The shift channel becomes meandering as shown by the arrow.

In this Fig. 4, when one discharge spot is shifted in the row direction, A, B, C,...F, A, B
This results in a shift over one discharge point. This means that for bus lines X1 to X3, X1, X2,
One busbar is selected in the order of 3, X2, X1, X2, ..., and for busbars Y1 to Y3, Y1,
This is because one bus line is selected in the order of Y2, Y1, Y2, . . . . Such a discharge spot driving method is hereinafter referred to as a single cell scanning method.

On the other hand, there is a method in which discharge spots are generated at a plurality of adjacent discharge points and shifted.
That is, if the bus lines to which the shift pulse Vsh is applied are shown as a set, (X1, X2, X3, Y1), (X3, Y
1, Y2), (X1, X2, X3, Y2), (X1,
By repeating Y1, Y2), the discharge point (A, B,
The discharge spot is shifted by repeating the sets C), (C, D), (D, E, F), and (F, A). This is 1
Since the electrodes are shared by individual discharge spots, this method is hereinafter referred to as a shared electrode scanning method.
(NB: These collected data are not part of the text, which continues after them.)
lemma path_chain_Nil [simp]: "path_chain [] e = 0"
  and path_chain_Cons [simp]:
    "path_chain (d # ds) e = (if fst d = e then (if snd d then 1 else -1) else 0) + path_chain ds e"
  and path_chain_append: "path_chain (xs @ ys) e = path_chain xs e + path_chain ys e"
  by (simp_all add: path_chain_def)

lemma path_chain_rev_path: "path_chain (rev_path ds) e = - path_chain ds e"
  by (induction ds) (auto simp: rev_path_Cons path_chain_append opposite_def)

lemma not_reduced_obtain_backtrack:
  assumes "\<not> reduced ds"
  obtains xs d ys where "ds = xs @ d # opposite d # ys"
  using assms
proof (induction ds arbitrary: thesis rule: reduced.induct)
  case (1 d1 d2 ds)
  show ?case
  proof (cases "d2 = opposite d1")
    case True
    then show ?thesis using "1.prems"(1)[of "[]"] by simp
  next
    case False
    then have "\<not> reduced (d2 # ds)"
      using "1.prems"(2) by (simp add: opposite_def prod_eq_iff)
    then show ?thesis using "1.IH" "1.prems"(1)[of "d1 # _"] by (metis append_Cons)
  qed
qed auto

lemma reduce_path:
  assumes "path_from src tgt u ds v"
  obtains ds' where "path_from src tgt u ds' v" "reduced ds'" "path_chain ds' = path_chain ds"
  using assms
proof (induction "length ds" arbitrary: ds rule: less_induct)
  case less
  show ?case
  proof (cases "reduced ds")
    case False
    then obtain xs d ys where ds: "ds = xs @ d # opposite d # ys"
      by (rule not_reduced_obtain_backtrack)
    have "path_from src tgt u (xs @ ys) v"
      using less.prems(2)
      by (auto simp: ds path_from_append ostart_def oend_def opposite_def split: if_splits)
    moreover have "path_chain (xs @ ys) = path_chain ds"
      by (auto simp: ds fun_eq_iff path_chain_append opposite_def)
    ultimately show ?thesis
      using less.hyps[of "xs @ ys"] less.prems(1) ds by fastforce
  qed (use less.prems in blast)
qed

lemma reduced_path_unique:
  assumes tree: "is_tree src tgt"
    and "reduced ds1" "reduced ds2" "path_from src tgt u ds1 v" "path_from src tgt u ds2 v"
  shows "ds1 = ds2"
  using assms(2-)
proof (induction "length ds1" arbitrary: ds1 ds2 v rule: less_induct)
  case less
  have closed: "\<And>w ds. path_from src tgt w ds w \<Longrightarrow> reduced ds \<Longrightarrow> ds = []"
    using tree by (auto simp: is_tree_def)
  show ?case
  proof (cases "ds1 = [] \<or> ds2 = []")
    case True
    then show ?thesis using less.prems closed by (metis path_from.simps(1))
  next
    case False
    then obtain p1 c1 p2 c2 where ds: "ds1 = p1 @ [c1]" "ds2 = p2 @ [c2]"
      by (metis rev_exhaust)
    show ?thesis
    proof (cases "c1 = c2")
      case True
      have "p1 = p2"
        using less.hyps[of p1 p2] less.prems
        by (auto simp: ds True reduced_append path_from_append)
      then show ?thesis using ds True by simp
    next
      case False
      \<comment> \<open>distinct last edges: ds1 followed by ds2 backwards is a nonempty reduced loop at u\<close>
      have "reduced (ds1 @ rev_path ds2)"
        using less.prems(1,2) reduced_rev_path[of ds2] False
        by (auto simp: reduced_append ds rev_path_def opposite_def prod_eq_iff)
      moreover have "path_from src tgt u (ds1 @ rev_path ds2) u"
        using less.prems(3,4) path_from_rev_path path_from_append by metis
      ultimately show ?thesis using closed ds by blast
    qed
  qed
qed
Such a shared electrode scanning method can be similarly applied in the case of column direction shift, and any scanning method can be applied to the present invention.

When the write row is shifted in the row direction using the single cell scanning method, the display row is shifted by the bus line Y.
1, Y2, and when the bus line Y1 is selected, the selection order of the bus lines X1 to X3 is X1, X2, X3, X2, X1, X as described above.
2,..., so the discharge spots are A, B,
The discharge points of C, B, A, B, . . . are shifted back and forth. In other words, the content already written in the display line is retained while swaying, so
Hereinafter, this will be referred to as the sway method.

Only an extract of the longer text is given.